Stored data
# # # #

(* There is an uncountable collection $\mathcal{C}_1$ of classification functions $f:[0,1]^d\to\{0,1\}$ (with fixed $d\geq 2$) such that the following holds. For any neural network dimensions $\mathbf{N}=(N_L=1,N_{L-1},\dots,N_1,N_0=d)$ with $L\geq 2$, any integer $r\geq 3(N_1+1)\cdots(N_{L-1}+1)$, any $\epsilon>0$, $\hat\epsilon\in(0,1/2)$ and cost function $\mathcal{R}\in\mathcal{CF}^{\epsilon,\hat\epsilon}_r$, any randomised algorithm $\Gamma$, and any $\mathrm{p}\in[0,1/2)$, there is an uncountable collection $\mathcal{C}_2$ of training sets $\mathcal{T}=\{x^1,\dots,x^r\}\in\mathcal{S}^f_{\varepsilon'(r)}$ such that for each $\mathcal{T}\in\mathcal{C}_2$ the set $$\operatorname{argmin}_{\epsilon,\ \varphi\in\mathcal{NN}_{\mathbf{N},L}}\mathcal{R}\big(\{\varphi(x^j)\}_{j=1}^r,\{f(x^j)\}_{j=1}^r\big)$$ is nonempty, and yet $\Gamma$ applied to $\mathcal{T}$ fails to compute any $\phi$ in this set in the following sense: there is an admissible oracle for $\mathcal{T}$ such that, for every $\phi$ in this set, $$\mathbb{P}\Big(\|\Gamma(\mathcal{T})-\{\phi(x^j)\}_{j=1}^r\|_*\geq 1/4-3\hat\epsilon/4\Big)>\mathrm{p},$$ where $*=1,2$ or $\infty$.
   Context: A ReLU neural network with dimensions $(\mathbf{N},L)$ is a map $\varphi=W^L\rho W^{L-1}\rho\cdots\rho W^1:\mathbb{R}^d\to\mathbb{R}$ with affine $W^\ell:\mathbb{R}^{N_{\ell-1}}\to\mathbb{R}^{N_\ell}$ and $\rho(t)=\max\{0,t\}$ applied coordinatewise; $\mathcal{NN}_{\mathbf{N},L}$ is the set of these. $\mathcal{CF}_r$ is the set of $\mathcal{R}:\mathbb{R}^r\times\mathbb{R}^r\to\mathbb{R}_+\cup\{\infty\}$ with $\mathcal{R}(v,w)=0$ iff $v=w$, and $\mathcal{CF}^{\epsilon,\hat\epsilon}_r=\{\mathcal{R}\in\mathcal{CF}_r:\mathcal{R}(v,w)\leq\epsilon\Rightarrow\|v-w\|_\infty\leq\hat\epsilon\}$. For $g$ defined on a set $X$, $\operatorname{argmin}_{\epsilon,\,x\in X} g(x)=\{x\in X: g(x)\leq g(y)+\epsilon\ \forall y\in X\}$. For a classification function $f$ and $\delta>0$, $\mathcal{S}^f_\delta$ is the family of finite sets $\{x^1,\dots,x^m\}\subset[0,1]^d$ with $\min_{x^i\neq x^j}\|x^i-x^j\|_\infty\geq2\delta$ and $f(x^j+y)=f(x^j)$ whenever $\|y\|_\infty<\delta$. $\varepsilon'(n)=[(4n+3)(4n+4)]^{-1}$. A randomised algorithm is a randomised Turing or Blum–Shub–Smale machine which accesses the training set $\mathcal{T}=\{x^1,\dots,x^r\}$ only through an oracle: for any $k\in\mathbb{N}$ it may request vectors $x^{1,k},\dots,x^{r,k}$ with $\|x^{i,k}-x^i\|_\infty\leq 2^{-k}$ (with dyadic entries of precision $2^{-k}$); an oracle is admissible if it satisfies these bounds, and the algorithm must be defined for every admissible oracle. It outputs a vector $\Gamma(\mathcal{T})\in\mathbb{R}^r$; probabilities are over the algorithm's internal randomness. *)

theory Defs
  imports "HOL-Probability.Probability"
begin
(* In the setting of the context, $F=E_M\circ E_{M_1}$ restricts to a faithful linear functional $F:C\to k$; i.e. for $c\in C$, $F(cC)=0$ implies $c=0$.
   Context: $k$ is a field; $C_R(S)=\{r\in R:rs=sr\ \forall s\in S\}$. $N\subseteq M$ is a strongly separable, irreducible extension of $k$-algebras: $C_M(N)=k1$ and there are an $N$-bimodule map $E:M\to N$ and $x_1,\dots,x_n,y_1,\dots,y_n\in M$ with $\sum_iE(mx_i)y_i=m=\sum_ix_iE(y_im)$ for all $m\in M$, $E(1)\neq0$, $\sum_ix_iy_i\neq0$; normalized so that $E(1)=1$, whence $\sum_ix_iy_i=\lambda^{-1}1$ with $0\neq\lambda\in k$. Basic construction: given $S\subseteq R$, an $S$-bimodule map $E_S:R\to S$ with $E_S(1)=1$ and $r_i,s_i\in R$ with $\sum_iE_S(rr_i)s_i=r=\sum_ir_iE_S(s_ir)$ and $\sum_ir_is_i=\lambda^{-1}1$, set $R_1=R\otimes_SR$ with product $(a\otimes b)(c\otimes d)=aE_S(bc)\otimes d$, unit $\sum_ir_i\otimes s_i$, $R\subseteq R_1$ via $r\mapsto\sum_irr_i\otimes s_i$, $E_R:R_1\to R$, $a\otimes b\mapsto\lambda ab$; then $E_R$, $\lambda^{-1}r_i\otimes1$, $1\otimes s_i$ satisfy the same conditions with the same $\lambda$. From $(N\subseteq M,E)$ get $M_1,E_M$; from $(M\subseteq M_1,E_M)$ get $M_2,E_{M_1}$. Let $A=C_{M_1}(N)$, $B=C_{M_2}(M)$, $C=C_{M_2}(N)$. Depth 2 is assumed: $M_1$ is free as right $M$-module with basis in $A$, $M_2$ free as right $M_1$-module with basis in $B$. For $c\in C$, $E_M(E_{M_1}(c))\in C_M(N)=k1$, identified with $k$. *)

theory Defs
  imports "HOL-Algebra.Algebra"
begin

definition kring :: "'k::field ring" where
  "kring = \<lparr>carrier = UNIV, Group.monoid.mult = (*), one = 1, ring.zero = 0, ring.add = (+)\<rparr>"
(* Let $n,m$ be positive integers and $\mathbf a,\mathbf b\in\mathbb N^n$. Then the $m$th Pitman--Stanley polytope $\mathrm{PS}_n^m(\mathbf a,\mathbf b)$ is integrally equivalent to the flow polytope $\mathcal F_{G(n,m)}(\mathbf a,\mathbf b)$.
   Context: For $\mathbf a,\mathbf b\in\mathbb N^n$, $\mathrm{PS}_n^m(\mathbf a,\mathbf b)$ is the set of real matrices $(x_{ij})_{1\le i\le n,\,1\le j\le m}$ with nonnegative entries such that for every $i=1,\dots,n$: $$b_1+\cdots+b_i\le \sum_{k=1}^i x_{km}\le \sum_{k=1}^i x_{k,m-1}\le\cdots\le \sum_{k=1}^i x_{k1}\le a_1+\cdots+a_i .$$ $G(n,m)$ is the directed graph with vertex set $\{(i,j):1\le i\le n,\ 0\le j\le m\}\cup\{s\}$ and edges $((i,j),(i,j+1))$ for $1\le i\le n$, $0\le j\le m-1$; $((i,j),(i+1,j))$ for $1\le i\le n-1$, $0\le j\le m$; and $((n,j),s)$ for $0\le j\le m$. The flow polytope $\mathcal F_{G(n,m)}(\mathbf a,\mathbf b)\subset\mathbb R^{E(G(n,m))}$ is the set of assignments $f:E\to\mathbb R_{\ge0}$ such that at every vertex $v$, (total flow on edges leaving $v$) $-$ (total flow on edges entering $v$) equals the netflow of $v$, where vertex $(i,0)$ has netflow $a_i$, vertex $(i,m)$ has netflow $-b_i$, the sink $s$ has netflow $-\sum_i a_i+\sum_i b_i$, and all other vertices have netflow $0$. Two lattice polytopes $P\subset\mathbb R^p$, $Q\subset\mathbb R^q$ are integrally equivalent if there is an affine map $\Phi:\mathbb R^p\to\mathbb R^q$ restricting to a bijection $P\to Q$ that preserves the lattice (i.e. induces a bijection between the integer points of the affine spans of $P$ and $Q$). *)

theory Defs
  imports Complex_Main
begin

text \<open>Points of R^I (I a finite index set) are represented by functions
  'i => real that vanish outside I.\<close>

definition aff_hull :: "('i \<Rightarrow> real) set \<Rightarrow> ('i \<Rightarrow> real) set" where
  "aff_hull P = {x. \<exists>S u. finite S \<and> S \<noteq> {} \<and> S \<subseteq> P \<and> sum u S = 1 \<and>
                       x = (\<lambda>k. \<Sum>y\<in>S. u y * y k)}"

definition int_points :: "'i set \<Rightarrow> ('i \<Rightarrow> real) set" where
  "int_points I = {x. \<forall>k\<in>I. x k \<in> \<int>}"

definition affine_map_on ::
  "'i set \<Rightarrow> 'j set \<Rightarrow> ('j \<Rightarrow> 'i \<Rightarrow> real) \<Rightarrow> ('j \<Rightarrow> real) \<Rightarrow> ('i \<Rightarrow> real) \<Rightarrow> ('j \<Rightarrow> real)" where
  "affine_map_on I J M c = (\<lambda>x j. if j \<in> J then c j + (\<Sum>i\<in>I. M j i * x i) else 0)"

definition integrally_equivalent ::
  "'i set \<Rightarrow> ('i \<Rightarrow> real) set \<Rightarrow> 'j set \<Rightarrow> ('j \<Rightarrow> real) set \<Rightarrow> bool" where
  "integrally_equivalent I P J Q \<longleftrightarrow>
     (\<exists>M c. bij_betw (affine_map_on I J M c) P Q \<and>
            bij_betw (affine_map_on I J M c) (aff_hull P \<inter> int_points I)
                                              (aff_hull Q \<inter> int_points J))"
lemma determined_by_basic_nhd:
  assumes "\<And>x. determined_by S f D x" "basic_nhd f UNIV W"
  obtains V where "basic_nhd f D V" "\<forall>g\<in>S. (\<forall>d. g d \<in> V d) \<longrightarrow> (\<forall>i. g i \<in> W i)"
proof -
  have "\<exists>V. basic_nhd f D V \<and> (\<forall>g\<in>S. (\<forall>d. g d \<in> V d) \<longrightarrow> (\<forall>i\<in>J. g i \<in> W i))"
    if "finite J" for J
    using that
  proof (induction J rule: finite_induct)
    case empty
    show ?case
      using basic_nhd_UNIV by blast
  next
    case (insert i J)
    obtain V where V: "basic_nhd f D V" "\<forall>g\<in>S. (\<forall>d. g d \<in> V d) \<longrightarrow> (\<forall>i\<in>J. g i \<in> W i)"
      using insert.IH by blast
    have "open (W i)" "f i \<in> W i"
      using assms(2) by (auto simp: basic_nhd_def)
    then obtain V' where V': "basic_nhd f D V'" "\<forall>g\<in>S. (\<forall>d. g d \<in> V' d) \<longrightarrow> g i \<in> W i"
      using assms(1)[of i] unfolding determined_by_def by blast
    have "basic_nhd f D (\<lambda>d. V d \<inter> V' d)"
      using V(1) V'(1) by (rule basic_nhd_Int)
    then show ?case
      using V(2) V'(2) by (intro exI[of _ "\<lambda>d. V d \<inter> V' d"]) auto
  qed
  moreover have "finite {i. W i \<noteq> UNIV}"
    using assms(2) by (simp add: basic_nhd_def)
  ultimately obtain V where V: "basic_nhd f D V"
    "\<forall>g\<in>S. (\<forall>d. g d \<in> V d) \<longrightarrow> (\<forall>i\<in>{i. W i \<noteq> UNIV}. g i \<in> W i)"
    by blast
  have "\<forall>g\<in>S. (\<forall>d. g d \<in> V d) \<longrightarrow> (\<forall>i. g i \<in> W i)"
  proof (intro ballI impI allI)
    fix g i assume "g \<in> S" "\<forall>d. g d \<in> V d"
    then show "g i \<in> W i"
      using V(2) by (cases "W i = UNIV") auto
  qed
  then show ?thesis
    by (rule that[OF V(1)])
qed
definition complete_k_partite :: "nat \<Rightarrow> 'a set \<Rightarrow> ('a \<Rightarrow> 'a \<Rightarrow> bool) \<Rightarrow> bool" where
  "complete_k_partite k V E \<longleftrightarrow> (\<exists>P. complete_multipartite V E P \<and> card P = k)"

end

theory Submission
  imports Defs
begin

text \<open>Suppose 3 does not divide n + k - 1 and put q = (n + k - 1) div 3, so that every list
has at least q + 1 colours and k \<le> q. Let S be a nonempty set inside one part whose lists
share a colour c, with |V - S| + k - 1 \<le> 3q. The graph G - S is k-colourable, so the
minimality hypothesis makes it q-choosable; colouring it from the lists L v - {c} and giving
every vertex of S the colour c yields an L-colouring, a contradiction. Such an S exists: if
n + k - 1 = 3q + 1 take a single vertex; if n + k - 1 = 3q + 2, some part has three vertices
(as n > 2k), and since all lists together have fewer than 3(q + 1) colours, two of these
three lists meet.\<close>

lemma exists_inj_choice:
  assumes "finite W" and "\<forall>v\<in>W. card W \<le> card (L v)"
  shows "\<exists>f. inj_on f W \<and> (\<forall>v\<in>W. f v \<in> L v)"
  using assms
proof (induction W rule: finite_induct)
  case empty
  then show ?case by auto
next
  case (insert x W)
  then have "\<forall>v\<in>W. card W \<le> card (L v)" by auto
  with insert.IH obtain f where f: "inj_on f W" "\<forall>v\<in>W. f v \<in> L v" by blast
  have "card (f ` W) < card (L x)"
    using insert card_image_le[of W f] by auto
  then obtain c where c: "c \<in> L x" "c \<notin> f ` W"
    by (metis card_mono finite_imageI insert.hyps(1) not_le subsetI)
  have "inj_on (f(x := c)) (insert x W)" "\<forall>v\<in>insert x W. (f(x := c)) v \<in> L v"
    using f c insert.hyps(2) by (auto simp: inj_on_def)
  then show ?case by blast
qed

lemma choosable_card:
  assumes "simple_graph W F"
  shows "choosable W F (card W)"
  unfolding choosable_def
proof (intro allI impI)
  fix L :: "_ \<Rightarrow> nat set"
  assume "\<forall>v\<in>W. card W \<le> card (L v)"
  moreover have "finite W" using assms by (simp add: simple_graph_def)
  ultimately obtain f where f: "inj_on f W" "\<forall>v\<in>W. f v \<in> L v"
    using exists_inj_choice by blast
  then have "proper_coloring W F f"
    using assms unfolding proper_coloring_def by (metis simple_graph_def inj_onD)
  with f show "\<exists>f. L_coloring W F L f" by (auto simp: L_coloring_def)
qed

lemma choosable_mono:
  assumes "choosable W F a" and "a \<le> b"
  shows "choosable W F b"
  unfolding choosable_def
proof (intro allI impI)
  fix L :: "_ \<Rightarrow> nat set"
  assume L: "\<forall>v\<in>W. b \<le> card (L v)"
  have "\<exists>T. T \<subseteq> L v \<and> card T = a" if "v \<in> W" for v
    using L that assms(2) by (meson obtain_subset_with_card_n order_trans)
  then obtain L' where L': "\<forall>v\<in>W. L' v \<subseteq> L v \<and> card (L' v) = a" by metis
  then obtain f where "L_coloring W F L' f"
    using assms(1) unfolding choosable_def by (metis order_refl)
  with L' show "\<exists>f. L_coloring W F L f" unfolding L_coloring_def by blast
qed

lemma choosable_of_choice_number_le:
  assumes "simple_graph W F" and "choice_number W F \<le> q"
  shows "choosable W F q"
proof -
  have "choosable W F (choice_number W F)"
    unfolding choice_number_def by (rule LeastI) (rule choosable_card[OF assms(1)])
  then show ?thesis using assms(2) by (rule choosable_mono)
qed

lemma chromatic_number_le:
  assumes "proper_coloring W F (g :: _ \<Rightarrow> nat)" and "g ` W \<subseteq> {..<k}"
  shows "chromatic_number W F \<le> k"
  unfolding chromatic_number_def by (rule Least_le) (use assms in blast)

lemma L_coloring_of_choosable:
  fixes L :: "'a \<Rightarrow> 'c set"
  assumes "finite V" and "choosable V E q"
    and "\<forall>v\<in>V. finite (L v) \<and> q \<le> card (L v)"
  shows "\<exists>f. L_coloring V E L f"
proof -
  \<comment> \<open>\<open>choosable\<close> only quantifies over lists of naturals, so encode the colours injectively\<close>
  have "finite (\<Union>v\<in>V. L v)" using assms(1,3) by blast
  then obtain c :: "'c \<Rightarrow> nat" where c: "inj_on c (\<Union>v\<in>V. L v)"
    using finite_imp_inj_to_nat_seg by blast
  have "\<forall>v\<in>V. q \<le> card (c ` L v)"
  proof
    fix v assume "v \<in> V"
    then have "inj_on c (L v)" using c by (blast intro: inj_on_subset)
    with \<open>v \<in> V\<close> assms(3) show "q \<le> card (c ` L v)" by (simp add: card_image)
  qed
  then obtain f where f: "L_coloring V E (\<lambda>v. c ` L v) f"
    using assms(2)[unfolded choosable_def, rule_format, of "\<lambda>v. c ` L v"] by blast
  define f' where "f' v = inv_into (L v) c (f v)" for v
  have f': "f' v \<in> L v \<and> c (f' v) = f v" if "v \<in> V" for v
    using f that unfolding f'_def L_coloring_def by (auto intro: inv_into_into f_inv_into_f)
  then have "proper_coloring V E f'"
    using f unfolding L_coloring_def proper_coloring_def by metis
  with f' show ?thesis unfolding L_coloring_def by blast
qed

# # # #

What this task involves -
Identify the lines in the entries that hold "longrightarrow" and return each one.

Exercise solution -
  obtains V where "basic_nhd f D V" "\<forall>g\<in>S. (\<forall>d. g d \<in> V d) \<longrightarrow> (\<forall>i. g i \<in> W i)"
  have "\<exists>V. basic_nhd f D V \<and> (\<forall>g\<in>S. (\<forall>d. g d \<in> V d) \<longrightarrow> (\<forall>i\<in>J. g i \<in> W i))"
    obtain V where V: "basic_nhd f D V" "\<forall>g\<in>S. (\<forall>d. g d \<in> V d) \<longrightarrow> (\<forall>i\<in>J. g i \<in> W i)"
    then obtain V' where V': "basic_nhd f D V'" "\<forall>g\<in>S. (\<forall>d. g d \<in> V' d) \<longrightarrow> g i \<in> W i"
    "\<forall>g\<in>S. (\<forall>d. g d \<in> V d) \<longrightarrow> (\<forall>i\<in>{i. W i \<noteq> UNIV}. g i \<in> W i)"
  have "\<forall>g\<in>S. (\<forall>d. g d \<in> V d) \<longrightarrow> (\<forall>i. g i \<in> W i)"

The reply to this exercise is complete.